Intro
LLMs are remarkably good at generating and understanding text, yet we still know little about how their internal layers process information. Previous work typically identifies "important" layers only after a model has been fine-tuned on a particular dataset, making these findings inherently post-hoc and dataset-specific. But are critical layers an intrinsic property of the model, independent of specific data? If so, can we predict a model's future training behavior from its current state alone?
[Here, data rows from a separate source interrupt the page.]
lemma num_histories_lodgepole_asymp_equiv:
  "(\<lambda>n. real (num_histories (lodgepole n))) \<sim>[at_top] (\<lambda>n. real (odd_fact (Suc n)))"
proof (rule asymp_equivI', rule tendsto_sandwich)
  show "\<forall>\<^sub>F n in sequentially. 1 - 5 / (2 * real n + 1)
      \<le> real (num_histories (lodgepole n)) / real (odd_fact (Suc n))"
  proof (rule always_eventually, rule allI)
    fix n
    let ?h = "real (num_histories (lodgepole n))" and ?w = "real (odd_fact (Suc n))"
      and ?s = "real (\<Sum>k=1..n. odd_fact k * odd_fact (Suc n - k))"
    have "?w \<le> ?h + ?s"
      unfolding of_nat_add[symmetric] of_nat_le_iff by (rule odd_fact_le_num_histories_lodgepole)
    moreover have "real ((2 * n + 1) * (\<Sum>k=1..n. odd_fact k * odd_fact (Suc n - k)))
        \<le> real (5 * odd_fact (Suc n))"
      unfolding of_nat_le_iff by (rule odd_fact_convolution_le)
    then have "?s \<le> 5 * ?w / (2 * real n + 1)"
      by (simp only: of_nat_mult of_nat_add of_nat_numeral of_nat_1) (simp add: field_simps)
    ultimately have "(1 - 5 / (2 * real n + 1)) * ?w \<le> ?h"
      by (simp add: algebra_simps)
    moreover have "?w > 0"
      using odd_fact_pos by simp
    ultimately show "1 - 5 / (2 * real n + 1) \<le> ?h / ?w"
      by (simp add: pos_le_divide_eq)
  qed
  show "\<forall>\<^sub>F n in sequentially. real (num_histories (lodgepole n)) / real (odd_fact (Suc n)) \<le> 1"
    using num_histories_lodgepole_le odd_fact_pos by (simp add: divide_le_eq_1)
qed real_asymp+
To investigate these questions, we adopt a different approach: we analyze off-the-shelf (pre-fine-tuned) models and show that certain layers are intrinsically easier to adapt during subsequent fine-tuning. We further demonstrate that each layer's Representation Dynamics reliably predicts its behavior in subsequent training steps, regardless of the dataset used.
Data-oblivious Critical Layers & Representation Dynamics
Critical Layers Identified during Supervised Fine-Tuning.
We identify the critical layers during Supervised Fine-Tuning (SFT) by substituting each layer in the fine-tuned model with its corresponding layer from the pre-fine-tuned model, and then measure the loss reduction of the model during SFT for each layer. High values here indicates that the layer is more sensitive in the fine-tuning steps.


We find that the same model shows a very similar pattern in the loss curves across different datasets (high values in the middle layers, low values in the last layer), which indicates that the critical layer is determined by the pre-fine-tuned model and is independent of the fine-tuning dataset.
Representation Dynamics of the Pre-fine-tuned Models
Centered Kernel Alignment (CKA) is a popular metric for measuring the similarity between two representation spaces. We use it to quantitatively describe changes in the representation space between layer $\ell$ and its neighboring layers, using the average CKA value, denoted as $\delta^{\ell}$. A smaller $\delta^{\ell}$ indicates a greater representation shift at layer $\ell$ relative to its neighbors. Layers with the largest shifts are called change-point layers.


We also observe that these CKA patterns and the change-point layers are independent of the data used to compute CKA, and are instead determined by the pre-fine-tuned model state.
Connect Critical Layers with Representation Dynamics
From the figure above, we can also observe an interesting phenomenon that average CKA $\delta^{\ell}$ is negatively correlated with the tracked loss value after SFT. This trend is consistent with a high negative correlation coefficient across different models and datasets.